Few D.C. Surprises: After All That Campaigning, It’s Bowser . . . Oh, Yeah, Pot Will Be Legal


Even unto the last days of the District of Columbia’s race for mayor, there had been buzz — vague and misty, but still — that this could be a tight race, that there remained an unsettled atmosphere and that there was a chance — slim, but still — that Independent challenger David Catania might pull off an upset.

Part of the reason that prospect even existed at the late hour was that Catania had, like favorite Muriel Bowser, hustled in the hustings, knocking on doors. According to some polls, early in the fall, he had cut Bowser’s early double-digit lead down to singles, although his momentum appeared to have stalled.

Still during the last days of the campaign, there was that little buzz in the media — vague and misty, but still — although none of it was coming from the Bowser campaign, or Bowser herself, who looked serene and confident when we talked to her just a few days before the election.

At that time, we asked her how it felt after all the effort—she won the D.C. Democratic Primary handily over Mayor Vincent Gray, and Tommy Wells, Jack Evans and Vincent Orange back in April and kept up a efficiently organized, low-key, non-confrontational, four-debate campaign — she was in a campaign considered by some to be competitive.

She considered that. “Is it?” she asked.

The guess here is she knew something, because Bowser swamped Catania, the now former at-large District Councilmember of considerable achievement right from the get-go, jumping out to a 20-point lead and never looking back, right up to the moment where she danced to the Alicia Keys’s song “Girl On Fire” at her victory party at the renovated Howard Theatre.

The result: Bowser, 80,824 votes, or 55.0 percent; David Catania, 52,800 or 36 percent; and 10,616 votes (7.2 percent) for Independent former at-large District Councilmember and four-time mayoral candidate Carl Schwartz.

Bowser, at the victory party, and at the National Press Club the following day, stated that she had “a clear mandate” for a “fresh start” and that the status quo would not be enough. As in her campaign, she stuck to grand themes and provided few policy details.

There were few surprises in the D.C. election as a whole, but there will be three more new council members. They include Elissa Silverman, (economics expert and former “Loose Lips” columnist) who finished behind incumbent Anita Bonds in the crowded (at least 17 candidates, most of them newly minted Independents) race to fill two council at-large seats, including the one abandoned by Catania.
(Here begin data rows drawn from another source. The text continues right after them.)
lemma floor_randomized_floor_mechanism:
  "floor_randomized tlo thi qbar P c (floor_prob z) (floor_quantity z) (rent z)"
  unfolding floor_randomized_def
proof (intro conjI feasible_floor_mechanism)
  show "rent z thi = 0"
    by (simp add: rent_def)
  define T1 where "T1 = {t \<in> {tlo..thi}. qhat \<le> z t}"
  define T01 where "T01 = {t \<in> {tlo..thi}. 0 < z t \<and> z t < qhat}"
  define T0 where "T0 = {t \<in> {tlo..thi}. z t = 0}"
  have z_le: "z t \<le> z s" if "s \<in> {tlo..thi}" "t \<in> {tlo..thi}" "s \<le> t" for s t
    using z_antimono that by (auto simp: monotone_on_def)
  have less: "s < t" if "s \<in> {tlo..thi}" "t \<in> {tlo..thi}" "z t < z s" for s t
    using z_le[of t s] that by fastforce
  have interval: "interval_set {t \<in> {tlo..thi}. A (z t)}"
    if convex: "\<And>a b w. A a \<Longrightarrow> A b \<Longrightarrow> b \<le> w \<Longrightarrow> w \<le> a \<Longrightarrow> A w" for A
    unfolding interval_set_def
  proof (intro ballI allI impI)
    fix x y w assume x: "x \<in> {t \<in> {tlo..thi}. A (z t)}" and y: "y \<in> {t \<in> {tlo..thi}. A (z t)}"
      and w: "x \<le> w \<and> w \<le> y"
    then have "w \<in> {tlo..thi}"
      by auto
    then show "w \<in> {t \<in> {tlo..thi}. A (z t)}"
      using convex[of "z x" "z y" "z w"] z_le[of x w] z_le[of w y] x y w by auto
  qed
  show "\<exists>T1 T01 T0.
      interval_set T1 \<and> interval_set T01 \<and> interval_set T0 \<and>
      T1 \<inter> T01 = {} \<and> T1 \<inter> T0 = {} \<and> T01 \<inter> T0 = {} \<and>
      T1 \<union> T01 \<union> T0 = {tlo..thi} \<and>
      (\<forall>x\<in>T0. \<forall>y\<in>T01. x > y) \<and> (\<forall>x\<in>T01. \<forall>y\<in>T1. x > y) \<and>
      (\<forall>\<theta>\<in>T1. qfloor P c \<le> floor_quantity z \<theta> \<and> floor_prob z \<theta> = 1) \<and>
      (\<forall>\<theta>\<in>T01. floor_quantity z \<theta> = qfloor P c \<and> 0 < floor_prob z \<theta> \<and> floor_prob z \<theta> < 1) \<and>
      (\<forall>\<theta>\<in>T0. floor_quantity z \<theta> = 0 \<and> floor_prob z \<theta> = 0)"
  proof (intro exI conjI)
    show "interval_set T1"
      unfolding T1_def by (rule interval[where A = "\<lambda>x. qhat \<le> x"]) auto
    show "interval_set T01"
      unfolding T01_def by (rule interval[where A = "\<lambda>x. 0 < x \<and> x < qhat"]) auto
    show "interval_set T0"
      unfolding T0_def by (rule interval[where A = "\<lambda>x. x = 0"]) auto
    show "T1 \<inter> T01 = {}" "T1 \<inter> T0 = {}" "T01 \<inter> T0 = {}"
      using qhat(1) by (auto simp: T1_def T01_def T0_def)
    show "T1 \<union> T01 \<union> T0 = {tlo..thi}"
    proof
      show "{tlo..thi} \<subseteq> T1 \<union> T01 \<union> T0"
      proof
        fix t assume t: "t \<in> {tlo..thi}"
        then have "0 \<le> z t"
          using z_bounds by blast
        then show "t \<in> T1 \<union> T01 \<union> T0"
          using t by (auto simp: T1_def T01_def T0_def)
      qed
    qed (auto simp: T1_def T01_def T0_def)
    show "\<forall>x\<in>T0. \<forall>y\<in>T01. x > y"
    proof (intro ballI)
      fix x y assume "x \<in> T0" "y \<in> T01"
      then show "y < x"
        using less[of y x] by (simp add: T0_def T01_def)
    qed
    show "\<forall>x\<in>T01. \<forall>y\<in>T1. x > y"
    proof (intro ballI)
      fix x y assume "x \<in> T01" "y \<in> T1"
      then show "y < x"
        using less[of y x] by (simp add: T1_def T01_def)
    qed
    show "\<forall>\<theta>\<in>T1. qfloor P c \<le> floor_quantity z \<theta> \<and> floor_prob z \<theta> = 1"
      "\<forall>\<theta>\<in>T01. floor_quantity z \<theta> = qfloor P c \<and> 0 < floor_prob z \<theta> \<and> floor_prob z \<theta> < 1"
      "\<forall>\<theta>\<in>T0. floor_quantity z \<theta> = 0 \<and> floor_prob z \<theta> = 0"
      using qhat(1) by (auto simp: T1_def T01_def T0_def floor_quantity_def floor_prob_def max_def)
  qed
qed

end

lemma rent_mono:
  assumes "antimono_on {tlo..thi} f" "antimono_on {tlo..thi} g"
    and "\<And>s. s \<in> {tlo..thi} \<Longrightarrow> f s \<le> g s" and "t \<in> {tlo..thi}"
  shows "rent f t \<le> rent g t"
  unfolding rent_def
  by (rule integral_le) (use assms antimono_on_integrable_subinterval in auto)

lemma left_continuous_floor_mechanism:
  assumes "\<And>t. t \<in> {tlo<..thi} \<Longrightarrow> (z \<longlongrightarrow> z t) (at_left t)"
  shows "left_continuous tlo thi (floor_prob z) (floor_quantity z)"
  using assms by (simp add: left_continuous_def floor_quantity_mult_prob continuous_within)

end

section \<open>Improving a dominated floor-randomized mechanism\<close>

text \<open>Lemma names refer to M = (r, q, u), the dominating M1 = (r1, q1, u1), and the
  improvement M' = (r', q', u') built from the schedule Z.\<close>
locale improvement = regulation +
  fixes \<alpha> :: real and r q u r1 q1 u1 :: "real \<Rightarrow> real"
  assumes alpha_less: "\<alpha> < 1"
    and M_floor_randomized: "floor_randomized tlo thi qbar P c r q u"
    and M_left_continuous: "left_continuous tlo thi r q"
    and M_DD: "DD tlo thi P q"
    and dominating: "dominates tlo thi qbar P c \<alpha> r1 q1 u1 r q u"
begin

definition qr :: "real \<Rightarrow> real" where
  "qr t = q t * r t"

definition qr1 :: "real \<Rightarrow> real" where
  "qr1 t = q1 t * r1 t"

text \<open>The value at tlo makes Z tlo = qr tlo, which preserves DD.\<close>
definition L :: "real \<Rightarrow> real" where
  "L = left_regularization qr1 tlo (max (qr tlo) (qr1 tlo))"

definition Z :: "real \<Rightarrow> real" where
  "Z t = min (qr t) (L t)"

lemma M_feasible: "mechanism tlo thi qbar r q u" "IC tlo thi r q u" "u thi = 0"
  using M_floor_randomized by (auto simp: floor_randomized_def feasible_def)

lemma M1_feasible: "mechanism tlo thi qbar r1 q1 u1" "IC tlo thi r1 q1 u1" "0 \<le> u1 thi"
  using dominating tlo_less_thi by (auto simp: dominates_def feasible_def IR_def)

lemma qr_bounds: "t \<in> {tlo..thi} \<Longrightarrow> 0 \<le> qr t \<and> qr t \<le> q t \<and> qr t \<le> qbar"
  using mechanism_expected_quantity_bounds[OF M_feasible(1)] by (fastforce simp: qr_def)

lemma qr1_bounds: "t \<in> {tlo..thi} \<Longrightarrow> 0 \<le> qr1 t \<and> qr1 t \<le> qbar"
  using mechanism_expected_quantity_bounds[OF M1_feasible(1)] by (fastforce simp: qr1_def)

lemma qr_antimono: "antimono_on {tlo..thi} qr"
  using IC_antimono[OF M_feasible(2)] by (simp add: qr_def[abs_def])

lemma qr1_antimono: "antimono_on {tlo..thi} qr1"
  using IC_antimono[OF M1_feasible(2)] by (simp add: qr1_def[abs_def])

lemma tendsto_qr: "tlo < t \<Longrightarrow> t \<le> thi \<Longrightarrow> (qr \<longlongrightarrow> qr t) (at_left t)"
  using M_left_continuous by (simp add: left_continuous_def continuous_within qr_def[abs_def])

lemma qr_tlo: "qr tlo = qeff P tlo"
proof -
  have tlo: "tlo \<in> {tlo..thi}"
    using tlo_less_thi by simp
  have "q tlo = qeff P tlo"
    using M_DD by (simp add: DD_def)
  then have "r tlo = 1"
    using floor_randomized_floor_form[OF M_floor_randomized tlo] qhat_less_qeff[OF tlo] qhat(1)
    by (auto simp: floor_form_def)
  then show ?thesis
    using \<open>q tlo = qeff P tlo\<close> by (simp add: qr_def)
qed

lemma u_eq_rent: "t \<in> {tlo..thi} \<Longrightarrow> u t = rent qr t"
  using IC_rent_eq_integral_expected_quantity[OF M_feasible(2)] M_feasible(3)
  by (simp add: rent_def qr_def[abs_def])
lemma markov_blanket_collider_connected:
  assumes "faithful_to indep V D B" "T \<in> V" "finite V"
  shows "is_markov_blanket indep V T (collider_connected V D B T)"
proof -
  let ?C = "collider_connected V D B T"
  have CF: "?C \<subseteq> V - {T}" by (rule collider_connected_subset)
  have "m_separated V D B (V - (?C \<union> {T})) {T} ?C"
    by (rule m_separated_outside_collider_connected) auto
  moreover have "V - (?C \<union> {T}) \<subseteq> V - {T}" "(V - (?C \<union> {T})) \<inter> ?C = {}" by auto
  ultimately have "indep (V - (?C \<union> {T})) {T} ?C"
    using faithful_indep_iff[OF assms(1,2) _ CF] by simp
  then have "blanket_cond indep V T ?C" using CF unfolding blanket_cond_def by simp
  then show ?thesis
    using blanket_cond_collider_connected_subset[OF assms] unfolding is_markov_blanket_def by blast
qed

lemma pfbp_forward_mono: "pfbp_forward indep T S R S'' \<Longrightarrow> S \<subseteq> S''"
  by (induction rule: pfbp_forward.induct) auto

lemma pfbp_forward_subset:
  "pfbp_forward indep T S R S'' \<Longrightarrow> S \<subseteq> F \<Longrightarrow> R \<subseteq> F \<Longrightarrow> S'' \<subseteq> F"
  by (induction rule: pfbp_forward.induct) auto

lemma pfbp_forward_selects_dependent:
  "pfbp_forward indep T S R S'' \<Longrightarrow> S \<subseteq> F \<Longrightarrow> R \<subseteq> F \<Longrightarrow> Y \<in> R \<Longrightarrow>
    (\<forall>W. S \<subseteq> W \<longrightarrow> W \<subseteq> F \<longrightarrow> Y \<notin> W \<longrightarrow> \<not> indep {Y} {T} W) \<Longrightarrow> Y \<in> S''"
proof (induction rule: pfbp_forward.induct)
  case (fwd_stop R' R S)
  then show ?case by blast
next
  case (fwd_add R' R S X S'')
  show ?case
  proof (cases "Y \<in> insert X S")
    case True
    then show ?thesis using pfbp_forward_mono[OF fwd_add(4)] by blast
  next
    case False
    then have "Y \<in> R' - {X}" using fwd_add.hyps(1) fwd_add.prems by simp
    moreover have "insert X S \<subseteq> F" "R' - {X} \<subseteq> F" using fwd_add.hyps(1,2) fwd_add.prems by auto
    ultimately show ?thesis using fwd_add.IH fwd_add.prems(4) by blast
  qed
qed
In Ward 1, there’s Brianne K. Nadeau, who unseated incumbent Jim Graham in the Democratic Primary in April, and in Ward 6, there’s Charles Allen, who took over the seat of Tommy Wells, who had to give up his seat to run for mayor and lost in the Democratic primary. Allen was Wells’s chief of staff.

Winning re-election were Mary Cheh in Ward Three and Kenyon McDuffie in Ward 5.

In the first-ever race for District of Columbia Attorney General (formerly an appointed position), veteran D.C. lawyer Karl Racine won easily, a bitter pill to swallow for Adams Morgan lawyer Paul Zukerberg, who had almost solely led the campaign to get the measure to make the attorney general be an elected office. Zukerberg, undermanned and under financed, finished fifth.

Eleanor Holmes Norton easily won re-election to her post as D.C. Delegate (non-voting) to the House of Representatives.

Initiative 71—legalization of marijuana—also won easily—with only the one precinct in the District opposing. Of course, given that Congress messes with D.C. legislation, budgets and laws routinely—especially with the GOP roll-over in the mid-term elections, this is not entirely a done deal, depending on what GOP lawmakers do.